- [Records supplied]
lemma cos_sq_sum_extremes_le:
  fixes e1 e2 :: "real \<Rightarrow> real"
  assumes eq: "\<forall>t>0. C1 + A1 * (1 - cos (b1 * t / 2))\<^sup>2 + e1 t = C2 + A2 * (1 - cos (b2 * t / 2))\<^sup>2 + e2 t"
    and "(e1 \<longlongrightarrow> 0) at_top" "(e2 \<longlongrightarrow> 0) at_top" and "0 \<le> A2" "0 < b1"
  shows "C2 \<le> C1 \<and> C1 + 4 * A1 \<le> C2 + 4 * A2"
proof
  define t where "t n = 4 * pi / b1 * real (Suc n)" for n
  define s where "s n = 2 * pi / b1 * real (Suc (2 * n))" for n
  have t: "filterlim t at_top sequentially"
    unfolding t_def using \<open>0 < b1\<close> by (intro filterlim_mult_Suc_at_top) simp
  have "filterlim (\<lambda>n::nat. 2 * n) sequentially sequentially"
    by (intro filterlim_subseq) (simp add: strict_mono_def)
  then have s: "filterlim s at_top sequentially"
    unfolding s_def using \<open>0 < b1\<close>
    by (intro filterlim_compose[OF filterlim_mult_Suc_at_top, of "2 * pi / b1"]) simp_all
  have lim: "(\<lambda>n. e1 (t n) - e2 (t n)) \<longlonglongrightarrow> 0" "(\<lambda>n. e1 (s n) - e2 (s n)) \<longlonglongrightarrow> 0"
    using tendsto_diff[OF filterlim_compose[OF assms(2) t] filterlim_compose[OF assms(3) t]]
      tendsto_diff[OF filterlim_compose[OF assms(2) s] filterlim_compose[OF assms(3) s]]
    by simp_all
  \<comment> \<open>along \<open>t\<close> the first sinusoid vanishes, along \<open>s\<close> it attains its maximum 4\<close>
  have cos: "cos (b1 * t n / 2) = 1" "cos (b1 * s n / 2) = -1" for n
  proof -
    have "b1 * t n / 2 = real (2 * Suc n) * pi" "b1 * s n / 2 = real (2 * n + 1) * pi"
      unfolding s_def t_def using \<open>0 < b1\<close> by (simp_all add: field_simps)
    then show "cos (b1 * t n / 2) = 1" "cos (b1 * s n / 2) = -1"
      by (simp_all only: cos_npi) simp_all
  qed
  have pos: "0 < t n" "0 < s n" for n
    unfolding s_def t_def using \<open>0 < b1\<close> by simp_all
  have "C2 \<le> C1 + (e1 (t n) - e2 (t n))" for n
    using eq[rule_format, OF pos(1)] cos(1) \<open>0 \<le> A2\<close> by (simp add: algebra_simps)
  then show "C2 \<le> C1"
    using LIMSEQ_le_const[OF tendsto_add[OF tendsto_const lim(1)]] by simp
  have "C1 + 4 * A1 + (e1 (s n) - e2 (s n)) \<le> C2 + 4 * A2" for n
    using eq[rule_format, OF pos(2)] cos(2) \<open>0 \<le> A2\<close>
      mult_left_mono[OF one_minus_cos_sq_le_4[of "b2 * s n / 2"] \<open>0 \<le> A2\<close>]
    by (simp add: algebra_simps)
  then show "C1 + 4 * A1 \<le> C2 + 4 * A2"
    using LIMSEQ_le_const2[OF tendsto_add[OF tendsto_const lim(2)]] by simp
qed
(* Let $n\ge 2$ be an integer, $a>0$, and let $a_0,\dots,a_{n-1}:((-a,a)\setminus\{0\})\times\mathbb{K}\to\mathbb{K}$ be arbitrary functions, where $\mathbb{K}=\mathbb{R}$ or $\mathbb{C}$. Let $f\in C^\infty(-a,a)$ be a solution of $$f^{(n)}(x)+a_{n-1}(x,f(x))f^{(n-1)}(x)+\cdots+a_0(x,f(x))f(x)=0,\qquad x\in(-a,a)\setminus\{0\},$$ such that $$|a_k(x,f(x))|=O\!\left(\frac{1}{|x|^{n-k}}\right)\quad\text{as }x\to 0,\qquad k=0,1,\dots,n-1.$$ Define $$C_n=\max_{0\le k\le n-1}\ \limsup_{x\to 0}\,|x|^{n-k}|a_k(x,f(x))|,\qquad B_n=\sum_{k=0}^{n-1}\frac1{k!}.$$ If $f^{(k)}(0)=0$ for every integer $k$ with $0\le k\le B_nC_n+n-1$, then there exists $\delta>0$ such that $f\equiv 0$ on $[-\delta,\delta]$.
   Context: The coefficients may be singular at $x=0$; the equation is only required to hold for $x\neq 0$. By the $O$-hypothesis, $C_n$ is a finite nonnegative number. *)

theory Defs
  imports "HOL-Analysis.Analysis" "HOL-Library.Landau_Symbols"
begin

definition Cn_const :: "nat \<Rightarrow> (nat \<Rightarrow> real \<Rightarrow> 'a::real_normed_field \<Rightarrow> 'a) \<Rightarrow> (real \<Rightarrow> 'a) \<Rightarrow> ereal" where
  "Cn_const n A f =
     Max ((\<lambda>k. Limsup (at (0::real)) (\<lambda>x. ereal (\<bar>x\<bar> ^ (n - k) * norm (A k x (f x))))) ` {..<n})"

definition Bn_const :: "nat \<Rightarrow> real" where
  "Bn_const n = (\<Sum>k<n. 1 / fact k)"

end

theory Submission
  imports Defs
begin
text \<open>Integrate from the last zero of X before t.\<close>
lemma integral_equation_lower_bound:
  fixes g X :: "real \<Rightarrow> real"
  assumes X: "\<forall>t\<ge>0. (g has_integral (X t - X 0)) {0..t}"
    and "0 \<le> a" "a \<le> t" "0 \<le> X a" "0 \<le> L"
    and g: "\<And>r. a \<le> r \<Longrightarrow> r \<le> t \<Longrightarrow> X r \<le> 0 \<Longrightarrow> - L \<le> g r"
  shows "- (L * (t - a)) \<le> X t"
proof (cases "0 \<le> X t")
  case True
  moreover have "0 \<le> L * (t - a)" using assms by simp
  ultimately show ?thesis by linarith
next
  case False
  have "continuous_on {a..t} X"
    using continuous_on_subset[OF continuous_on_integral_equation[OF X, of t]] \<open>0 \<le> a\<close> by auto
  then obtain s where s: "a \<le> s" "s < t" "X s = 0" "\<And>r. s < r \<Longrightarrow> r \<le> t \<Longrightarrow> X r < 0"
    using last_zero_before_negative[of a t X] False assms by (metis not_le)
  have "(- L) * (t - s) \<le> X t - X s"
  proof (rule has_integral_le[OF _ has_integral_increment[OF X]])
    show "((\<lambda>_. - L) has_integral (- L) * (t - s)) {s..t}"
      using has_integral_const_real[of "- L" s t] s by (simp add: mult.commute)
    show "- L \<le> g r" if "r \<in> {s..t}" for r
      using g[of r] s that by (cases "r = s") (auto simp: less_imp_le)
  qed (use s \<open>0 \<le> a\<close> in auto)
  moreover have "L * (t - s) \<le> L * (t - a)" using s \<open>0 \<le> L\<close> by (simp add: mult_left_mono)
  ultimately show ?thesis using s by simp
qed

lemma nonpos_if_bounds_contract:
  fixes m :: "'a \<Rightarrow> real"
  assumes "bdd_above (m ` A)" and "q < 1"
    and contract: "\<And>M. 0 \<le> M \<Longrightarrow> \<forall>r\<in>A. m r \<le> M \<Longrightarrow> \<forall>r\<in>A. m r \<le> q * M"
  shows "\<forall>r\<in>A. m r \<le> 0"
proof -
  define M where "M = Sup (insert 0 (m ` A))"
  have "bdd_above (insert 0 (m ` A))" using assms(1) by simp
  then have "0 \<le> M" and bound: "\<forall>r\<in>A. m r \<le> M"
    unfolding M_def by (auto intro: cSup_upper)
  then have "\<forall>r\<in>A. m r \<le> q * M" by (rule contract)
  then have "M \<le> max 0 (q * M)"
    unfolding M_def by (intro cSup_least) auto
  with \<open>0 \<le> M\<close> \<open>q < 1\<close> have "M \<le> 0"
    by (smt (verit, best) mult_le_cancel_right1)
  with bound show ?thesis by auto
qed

==

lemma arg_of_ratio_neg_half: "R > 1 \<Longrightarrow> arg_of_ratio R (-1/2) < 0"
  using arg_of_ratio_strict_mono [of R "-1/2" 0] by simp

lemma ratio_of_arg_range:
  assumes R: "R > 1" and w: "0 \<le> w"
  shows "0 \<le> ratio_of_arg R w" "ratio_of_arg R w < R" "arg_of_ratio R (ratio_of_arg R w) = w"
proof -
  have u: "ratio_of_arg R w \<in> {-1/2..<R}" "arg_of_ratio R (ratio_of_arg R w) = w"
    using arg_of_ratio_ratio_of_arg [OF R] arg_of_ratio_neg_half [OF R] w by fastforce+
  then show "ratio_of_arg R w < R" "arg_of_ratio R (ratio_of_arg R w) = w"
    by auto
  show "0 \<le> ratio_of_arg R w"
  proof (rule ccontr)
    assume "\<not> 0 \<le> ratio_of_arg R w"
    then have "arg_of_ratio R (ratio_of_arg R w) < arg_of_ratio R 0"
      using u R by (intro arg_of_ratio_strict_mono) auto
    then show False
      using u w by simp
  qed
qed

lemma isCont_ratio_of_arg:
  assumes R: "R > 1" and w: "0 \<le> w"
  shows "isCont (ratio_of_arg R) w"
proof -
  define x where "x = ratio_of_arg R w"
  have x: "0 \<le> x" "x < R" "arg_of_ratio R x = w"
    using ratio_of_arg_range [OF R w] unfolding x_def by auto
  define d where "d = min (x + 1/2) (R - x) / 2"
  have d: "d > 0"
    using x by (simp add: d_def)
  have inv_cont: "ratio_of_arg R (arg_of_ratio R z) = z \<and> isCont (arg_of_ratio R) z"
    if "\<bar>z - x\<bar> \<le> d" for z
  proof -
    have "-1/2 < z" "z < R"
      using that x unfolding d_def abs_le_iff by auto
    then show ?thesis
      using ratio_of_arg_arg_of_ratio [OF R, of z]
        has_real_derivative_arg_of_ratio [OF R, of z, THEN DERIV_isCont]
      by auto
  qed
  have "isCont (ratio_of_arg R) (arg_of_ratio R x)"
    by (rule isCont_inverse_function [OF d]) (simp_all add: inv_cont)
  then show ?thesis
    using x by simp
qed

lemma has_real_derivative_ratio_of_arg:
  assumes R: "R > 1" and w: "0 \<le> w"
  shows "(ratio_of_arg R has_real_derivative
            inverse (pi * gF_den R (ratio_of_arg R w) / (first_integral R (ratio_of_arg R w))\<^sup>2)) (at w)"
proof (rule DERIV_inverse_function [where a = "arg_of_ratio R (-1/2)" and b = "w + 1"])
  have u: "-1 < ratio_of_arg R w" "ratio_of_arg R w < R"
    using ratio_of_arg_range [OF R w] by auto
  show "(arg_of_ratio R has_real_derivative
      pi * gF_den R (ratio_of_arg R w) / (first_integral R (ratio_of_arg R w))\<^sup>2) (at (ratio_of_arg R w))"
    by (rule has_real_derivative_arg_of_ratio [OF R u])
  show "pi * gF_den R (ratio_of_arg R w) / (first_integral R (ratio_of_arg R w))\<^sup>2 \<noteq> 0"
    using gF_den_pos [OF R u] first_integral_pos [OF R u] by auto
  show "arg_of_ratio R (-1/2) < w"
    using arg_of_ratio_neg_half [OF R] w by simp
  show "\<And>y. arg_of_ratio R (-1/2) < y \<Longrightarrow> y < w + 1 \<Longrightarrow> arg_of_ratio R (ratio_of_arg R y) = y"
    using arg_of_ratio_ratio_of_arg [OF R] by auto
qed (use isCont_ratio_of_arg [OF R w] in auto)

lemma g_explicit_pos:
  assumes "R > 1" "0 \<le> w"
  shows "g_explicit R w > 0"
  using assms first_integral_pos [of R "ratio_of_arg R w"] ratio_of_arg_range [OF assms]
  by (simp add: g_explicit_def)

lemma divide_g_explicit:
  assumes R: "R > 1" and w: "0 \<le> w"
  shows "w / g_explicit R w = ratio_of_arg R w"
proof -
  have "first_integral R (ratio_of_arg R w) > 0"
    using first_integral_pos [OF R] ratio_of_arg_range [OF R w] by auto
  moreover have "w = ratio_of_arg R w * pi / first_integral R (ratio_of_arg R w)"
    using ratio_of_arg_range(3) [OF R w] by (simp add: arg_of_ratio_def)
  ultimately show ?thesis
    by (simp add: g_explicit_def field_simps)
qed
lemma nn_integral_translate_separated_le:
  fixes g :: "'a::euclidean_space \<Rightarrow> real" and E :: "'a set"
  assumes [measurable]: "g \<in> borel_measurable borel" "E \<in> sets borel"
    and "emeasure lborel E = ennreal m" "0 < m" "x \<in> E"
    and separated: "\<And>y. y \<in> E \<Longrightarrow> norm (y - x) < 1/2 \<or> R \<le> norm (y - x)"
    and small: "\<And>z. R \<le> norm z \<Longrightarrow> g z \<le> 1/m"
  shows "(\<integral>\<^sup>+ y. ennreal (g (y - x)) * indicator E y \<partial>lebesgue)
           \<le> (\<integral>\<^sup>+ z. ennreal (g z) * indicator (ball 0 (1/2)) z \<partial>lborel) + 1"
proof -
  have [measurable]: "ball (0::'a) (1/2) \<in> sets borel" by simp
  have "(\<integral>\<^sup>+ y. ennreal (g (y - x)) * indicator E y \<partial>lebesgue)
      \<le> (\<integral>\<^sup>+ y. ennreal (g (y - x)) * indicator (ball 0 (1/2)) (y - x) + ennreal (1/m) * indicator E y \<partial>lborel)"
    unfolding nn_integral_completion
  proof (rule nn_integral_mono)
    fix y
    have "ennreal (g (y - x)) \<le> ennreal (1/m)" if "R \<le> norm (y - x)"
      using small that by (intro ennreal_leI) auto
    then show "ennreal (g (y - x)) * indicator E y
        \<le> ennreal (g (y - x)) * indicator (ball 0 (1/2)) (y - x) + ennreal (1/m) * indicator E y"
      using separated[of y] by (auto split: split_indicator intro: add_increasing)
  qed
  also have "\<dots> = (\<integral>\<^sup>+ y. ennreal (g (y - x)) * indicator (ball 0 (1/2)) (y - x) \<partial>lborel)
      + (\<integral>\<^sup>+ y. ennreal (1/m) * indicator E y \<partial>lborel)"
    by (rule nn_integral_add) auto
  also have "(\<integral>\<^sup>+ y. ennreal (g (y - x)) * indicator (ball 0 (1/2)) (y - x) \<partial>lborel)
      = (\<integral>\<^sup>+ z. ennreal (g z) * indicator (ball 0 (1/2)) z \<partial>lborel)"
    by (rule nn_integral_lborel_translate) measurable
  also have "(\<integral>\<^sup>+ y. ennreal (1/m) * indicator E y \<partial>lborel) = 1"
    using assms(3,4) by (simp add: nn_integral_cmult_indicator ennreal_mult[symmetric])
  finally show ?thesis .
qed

==

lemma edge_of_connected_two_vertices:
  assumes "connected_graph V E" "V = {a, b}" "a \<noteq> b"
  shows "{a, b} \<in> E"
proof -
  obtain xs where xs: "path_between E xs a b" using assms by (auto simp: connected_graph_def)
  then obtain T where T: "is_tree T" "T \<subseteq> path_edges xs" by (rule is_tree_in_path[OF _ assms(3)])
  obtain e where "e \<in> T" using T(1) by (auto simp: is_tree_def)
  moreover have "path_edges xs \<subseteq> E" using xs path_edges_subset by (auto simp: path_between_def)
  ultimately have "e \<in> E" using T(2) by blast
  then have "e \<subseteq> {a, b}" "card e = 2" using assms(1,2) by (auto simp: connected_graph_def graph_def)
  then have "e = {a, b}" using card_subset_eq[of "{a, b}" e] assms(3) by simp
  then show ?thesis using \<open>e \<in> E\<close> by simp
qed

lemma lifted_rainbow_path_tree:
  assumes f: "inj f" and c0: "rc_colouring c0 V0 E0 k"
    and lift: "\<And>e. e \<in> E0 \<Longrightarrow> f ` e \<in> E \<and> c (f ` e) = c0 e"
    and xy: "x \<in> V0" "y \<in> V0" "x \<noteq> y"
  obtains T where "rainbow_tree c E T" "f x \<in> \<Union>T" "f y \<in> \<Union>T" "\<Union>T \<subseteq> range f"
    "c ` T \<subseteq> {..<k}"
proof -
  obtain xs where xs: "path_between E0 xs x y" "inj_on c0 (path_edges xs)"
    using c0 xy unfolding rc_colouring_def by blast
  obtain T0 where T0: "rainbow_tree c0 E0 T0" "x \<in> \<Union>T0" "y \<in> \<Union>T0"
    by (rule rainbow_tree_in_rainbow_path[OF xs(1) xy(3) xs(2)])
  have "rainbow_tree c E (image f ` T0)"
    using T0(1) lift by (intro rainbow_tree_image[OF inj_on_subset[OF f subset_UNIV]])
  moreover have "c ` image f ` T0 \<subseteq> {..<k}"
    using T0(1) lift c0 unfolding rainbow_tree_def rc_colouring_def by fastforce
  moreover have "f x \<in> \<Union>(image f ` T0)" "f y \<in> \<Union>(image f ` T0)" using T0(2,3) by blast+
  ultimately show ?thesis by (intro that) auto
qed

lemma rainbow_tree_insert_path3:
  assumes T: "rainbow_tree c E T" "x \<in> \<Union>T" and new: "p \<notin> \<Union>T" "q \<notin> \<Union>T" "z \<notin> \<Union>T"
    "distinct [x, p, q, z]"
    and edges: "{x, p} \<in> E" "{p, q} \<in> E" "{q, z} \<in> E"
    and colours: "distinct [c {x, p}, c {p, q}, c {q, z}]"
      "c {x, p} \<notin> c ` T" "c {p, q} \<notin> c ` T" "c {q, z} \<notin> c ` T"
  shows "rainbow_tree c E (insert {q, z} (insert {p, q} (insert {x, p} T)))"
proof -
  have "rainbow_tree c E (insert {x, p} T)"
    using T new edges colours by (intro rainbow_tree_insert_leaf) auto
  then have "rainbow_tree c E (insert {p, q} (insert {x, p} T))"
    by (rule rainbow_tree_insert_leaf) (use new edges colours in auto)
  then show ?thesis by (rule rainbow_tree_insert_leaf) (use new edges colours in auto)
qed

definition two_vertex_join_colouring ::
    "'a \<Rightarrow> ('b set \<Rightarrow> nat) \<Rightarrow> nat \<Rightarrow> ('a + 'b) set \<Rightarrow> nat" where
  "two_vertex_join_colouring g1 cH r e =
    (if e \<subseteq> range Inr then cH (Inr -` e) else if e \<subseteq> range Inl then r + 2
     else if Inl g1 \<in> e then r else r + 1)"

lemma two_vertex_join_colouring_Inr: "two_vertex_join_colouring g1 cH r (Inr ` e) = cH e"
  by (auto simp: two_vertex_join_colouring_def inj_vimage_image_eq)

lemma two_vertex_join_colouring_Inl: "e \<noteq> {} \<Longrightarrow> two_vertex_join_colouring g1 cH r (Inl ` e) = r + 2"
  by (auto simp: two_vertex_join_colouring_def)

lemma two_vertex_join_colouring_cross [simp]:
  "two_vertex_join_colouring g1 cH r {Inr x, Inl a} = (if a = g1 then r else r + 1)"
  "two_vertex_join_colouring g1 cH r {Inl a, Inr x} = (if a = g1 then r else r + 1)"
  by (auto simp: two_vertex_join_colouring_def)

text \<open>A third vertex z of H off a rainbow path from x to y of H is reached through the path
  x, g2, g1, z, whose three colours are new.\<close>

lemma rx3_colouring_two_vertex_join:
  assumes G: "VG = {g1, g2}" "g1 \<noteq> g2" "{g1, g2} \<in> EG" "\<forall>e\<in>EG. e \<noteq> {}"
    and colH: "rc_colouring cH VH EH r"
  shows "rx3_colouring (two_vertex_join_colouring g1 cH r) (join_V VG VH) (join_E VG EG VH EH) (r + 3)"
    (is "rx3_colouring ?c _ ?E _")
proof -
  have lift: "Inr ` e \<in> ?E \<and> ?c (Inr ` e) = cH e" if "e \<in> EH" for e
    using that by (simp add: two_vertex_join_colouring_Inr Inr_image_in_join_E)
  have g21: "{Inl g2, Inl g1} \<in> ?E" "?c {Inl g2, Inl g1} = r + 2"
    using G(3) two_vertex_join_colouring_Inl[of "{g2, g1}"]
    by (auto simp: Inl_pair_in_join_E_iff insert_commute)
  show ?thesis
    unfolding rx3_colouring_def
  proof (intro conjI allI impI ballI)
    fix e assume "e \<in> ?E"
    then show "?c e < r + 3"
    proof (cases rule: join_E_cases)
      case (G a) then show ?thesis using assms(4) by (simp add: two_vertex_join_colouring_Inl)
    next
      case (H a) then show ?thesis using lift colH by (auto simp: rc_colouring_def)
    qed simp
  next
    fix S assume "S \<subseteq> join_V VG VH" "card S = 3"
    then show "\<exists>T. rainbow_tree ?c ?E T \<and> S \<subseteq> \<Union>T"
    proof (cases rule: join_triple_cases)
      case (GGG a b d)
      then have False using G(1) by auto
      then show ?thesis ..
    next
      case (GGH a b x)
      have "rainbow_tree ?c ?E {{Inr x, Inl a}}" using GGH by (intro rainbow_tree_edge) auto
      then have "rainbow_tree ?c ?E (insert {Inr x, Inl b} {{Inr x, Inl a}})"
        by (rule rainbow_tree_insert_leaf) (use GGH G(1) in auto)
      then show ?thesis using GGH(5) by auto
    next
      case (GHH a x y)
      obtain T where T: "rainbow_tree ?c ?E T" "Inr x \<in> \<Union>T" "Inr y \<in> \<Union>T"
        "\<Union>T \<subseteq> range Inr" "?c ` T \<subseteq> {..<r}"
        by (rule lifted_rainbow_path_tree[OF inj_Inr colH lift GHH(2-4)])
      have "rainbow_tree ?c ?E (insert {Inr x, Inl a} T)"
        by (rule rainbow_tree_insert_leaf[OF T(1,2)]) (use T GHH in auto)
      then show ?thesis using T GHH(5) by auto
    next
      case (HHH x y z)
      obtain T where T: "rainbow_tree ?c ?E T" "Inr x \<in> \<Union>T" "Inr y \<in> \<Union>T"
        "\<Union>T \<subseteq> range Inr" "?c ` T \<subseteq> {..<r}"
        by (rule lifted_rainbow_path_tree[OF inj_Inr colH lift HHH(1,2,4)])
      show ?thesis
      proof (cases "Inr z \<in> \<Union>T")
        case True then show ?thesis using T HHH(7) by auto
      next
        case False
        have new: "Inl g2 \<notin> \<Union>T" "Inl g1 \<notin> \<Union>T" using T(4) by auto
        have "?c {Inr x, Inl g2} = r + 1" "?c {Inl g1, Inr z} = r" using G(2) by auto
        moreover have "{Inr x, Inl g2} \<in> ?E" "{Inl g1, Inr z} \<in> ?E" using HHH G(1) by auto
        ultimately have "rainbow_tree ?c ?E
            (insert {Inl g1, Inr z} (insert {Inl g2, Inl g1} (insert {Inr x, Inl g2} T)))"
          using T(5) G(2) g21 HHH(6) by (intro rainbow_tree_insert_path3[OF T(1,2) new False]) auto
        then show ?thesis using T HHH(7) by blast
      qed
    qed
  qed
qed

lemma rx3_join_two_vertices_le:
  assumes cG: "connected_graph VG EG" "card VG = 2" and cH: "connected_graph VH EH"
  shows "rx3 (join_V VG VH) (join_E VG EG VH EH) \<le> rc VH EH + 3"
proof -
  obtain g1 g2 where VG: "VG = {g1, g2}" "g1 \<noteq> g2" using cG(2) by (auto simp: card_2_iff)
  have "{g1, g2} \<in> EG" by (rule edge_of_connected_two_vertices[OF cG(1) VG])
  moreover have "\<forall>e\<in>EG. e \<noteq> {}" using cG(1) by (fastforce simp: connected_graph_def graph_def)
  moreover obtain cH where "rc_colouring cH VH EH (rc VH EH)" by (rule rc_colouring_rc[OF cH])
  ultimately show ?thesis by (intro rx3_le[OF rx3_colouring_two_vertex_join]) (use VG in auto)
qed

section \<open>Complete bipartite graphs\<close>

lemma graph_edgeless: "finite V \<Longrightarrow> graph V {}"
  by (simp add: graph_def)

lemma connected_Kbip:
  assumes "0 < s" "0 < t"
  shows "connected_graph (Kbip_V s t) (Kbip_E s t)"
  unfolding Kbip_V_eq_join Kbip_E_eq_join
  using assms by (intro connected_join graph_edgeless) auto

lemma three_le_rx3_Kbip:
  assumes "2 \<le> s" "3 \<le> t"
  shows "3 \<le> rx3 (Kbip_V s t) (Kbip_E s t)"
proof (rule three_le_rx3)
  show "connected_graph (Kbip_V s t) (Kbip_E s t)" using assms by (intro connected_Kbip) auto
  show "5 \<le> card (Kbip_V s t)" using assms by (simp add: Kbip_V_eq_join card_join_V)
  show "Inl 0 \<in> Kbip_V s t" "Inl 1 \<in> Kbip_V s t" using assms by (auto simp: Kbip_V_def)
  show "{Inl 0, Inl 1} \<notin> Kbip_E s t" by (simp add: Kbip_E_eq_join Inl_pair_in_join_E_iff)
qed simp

- [Work to be completed] In the lines above, find the word "ereal" and copy each line that contains it.

- [Expected answer]
definition Cn_const :: "nat \<Rightarrow> (nat \<Rightarrow> real \<Rightarrow> 'a::real_normed_field \<Rightarrow> 'a) \<Rightarrow> (real \<Rightarrow> 'a) \<Rightarrow> ereal" where
     Max ((\<lambda>k. Limsup (at (0::real)) (\<lambda>x. ereal (\<bar>x\<bar> ^ (n - k) * norm (A k x (f x))))) ` {..<n})"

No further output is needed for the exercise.